lemma average_layers:
  assumes "readable N X l (weight ` {..<m} \<union> lookup ` {..<m} \<union> {\<lambda>x. 1 / (\<Sum>j<m. weight j x)})"
    and width: "7 * m + 1 \<le> N"
  shows "readable N X (l + 4) {blend}"
proof -
  let ?S = "\<lambda>x. \<Sum>j<m. weight j x"
  let ?P = "\<lambda>x. (\<Sum>j<m. weight j x * lookup j x) / real m"
  have "0 \<le> ?P x \<and> ?P x \<le> 1" if "x \<in> X" for x
    using weighted_lookup_sum_bounds[OF that] weight_sum_le_m[of x] by (simp add: divide_le_eq_1)
  then have unit: "\<forall>x\<in>X. 0 \<le> 1 / ?S x \<and> 1 / ?S x \<le> 1" "\<forall>x\<in>X. 0 \<le> ?P x \<and> ?P x \<le> 1"
    using inv_weight_sum_bounds by auto
  have "readable N X (l + 2) ((\<lambda>j x. weight j x * lookup j x) ` {..<m} \<union> {\<lambda>x. 1 / ?S x})"
    using assms(1) by (rule readable_products) (use width unit weight_bounds lookup_bounds in auto)
  then have "readable N X (l + 2) ((\<lambda>_. ?P) ` {()} \<union> (\<lambda>_ x. 1 / ?S x) ` {()} \<union> {})"
    by (rule readable_closure) (auto intro!: affine_readout_intros)
  then have "readable N X (l + 2 + 2) ((\<lambda>_ x. ?P x * (1 / ?S x)) ` {()} \<union> {})"
    by (rule readable_products) (use width unit in auto)
  then have "readable N X (l + 2 + 2) {blend}"
  proof (rule readable_closure)
    fix h assume "\<forall>f\<in>(\<lambda>_ x. ?P x * (1 / ?S x)) ` {()} \<union> {}. affine_readout {..<N} X h f"
    then have "affine_readout {..<N} X h (\<lambda>x. real m * (?P x * (1 / ?S x)))"
      using affine_readout_scale by blast
    moreover have "real m * (?P x * (1 / ?S x)) = blend x" for x unfolding blend_def by simp
    ultimately show "\<forall>g\<in>{blend}. affine_readout {..<N} X h g" by simp
  qed
  then show ?thesis by (simp add: eval_nat_numeral)
qed

lemma blend_network:
  assumes width: "7 * m * m \<le> N" and depth: "9 \<le> L"
  shows "\<exists>\<psi>\<in>H N L. \<forall>x\<in>X. \<psi> x = blend x"
proof -
  have w1: "6 * D * m \<le> N" and w2: "7 * m + 1 \<le> N"
    using width D_pos by (simp_all add: algebra_simps)
  have w3: "2 * m + 1 \<le> N" "1 \<le> N" using order_trans[OF _ w2] by simp_all
  have "readable N X (2 + 2)
      (weight ` {..<m} \<union> lookup ` {..<m} \<union> {\<lambda>x. 1 / (\<Sum>j<m. weight j x)})"
    by (rule lookup_layers[OF floor_layers[OF w1] w3(1)])
  then have "readable N X (2 + 2 + 4) {blend}" by (rule average_layers[OF _ w2])
  then have "readable N X (L - 1) {blend}"
    by (rule readable_carry) (use w3(2) blend_bounds depth in auto)
  then show ?thesis by (rule readable_output)
qed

════════════════

● **GOAL OF THE EXERCISE**
Copy out exactly the lines from the one containing "proof (rule readable_closure)" through the last line above, keeping both end lines.

● **YOUR SOLUTION**
  proof (rule readable_closure)
    fix h assume "\<forall>f\<in>(\<lambda>_ x. ?P x * (1 / ?S x)) ` {()} \<union> {}. affine_readout {..<N} X h f"
    then have "affine_readout {..<N} X h (\<lambda>x. real m * (?P x * (1 / ?S x)))"
      using affine_readout_scale by blast
    moreover have "real m * (?P x * (1 / ?S x)) = blend x" for x unfolding blend_def by simp
    ultimately show "\<forall>g\<in>{blend}. affine_readout {..<N} X h g" by simp
  qed
  then show ?thesis by (simp add: eval_nat_numeral)
qed

lemma blend_network:
  assumes width: "7 * m * m \<le> N" and depth: "9 \<le> L"
  shows "\<exists>\<psi>\<in>H N L. \<forall>x\<in>X. \<psi> x = blend x"
proof -
  have w1: "6 * D * m \<le> N" and w2: "7 * m + 1 \<le> N"
    using width D_pos by (simp_all add: algebra_simps)
  have w3: "2 * m + 1 \<le> N" "1 \<le> N" using order_trans[OF _ w2] by simp_all
  have "readable N X (2 + 2)
      (weight ` {..<m} \<union> lookup ` {..<m} \<union> {\<lambda>x. 1 / (\<Sum>j<m. weight j x)})"
    by (rule lookup_layers[OF floor_layers[OF w1] w3(1)])
  then have "readable N X (2 + 2 + 4) {blend}" by (rule average_layers[OF _ w2])
  then have "readable N X (L - 1) {blend}"
    by (rule readable_carry) (use w3(2) blend_bounds depth in auto)
  then show ?thesis by (rule readable_output)
qed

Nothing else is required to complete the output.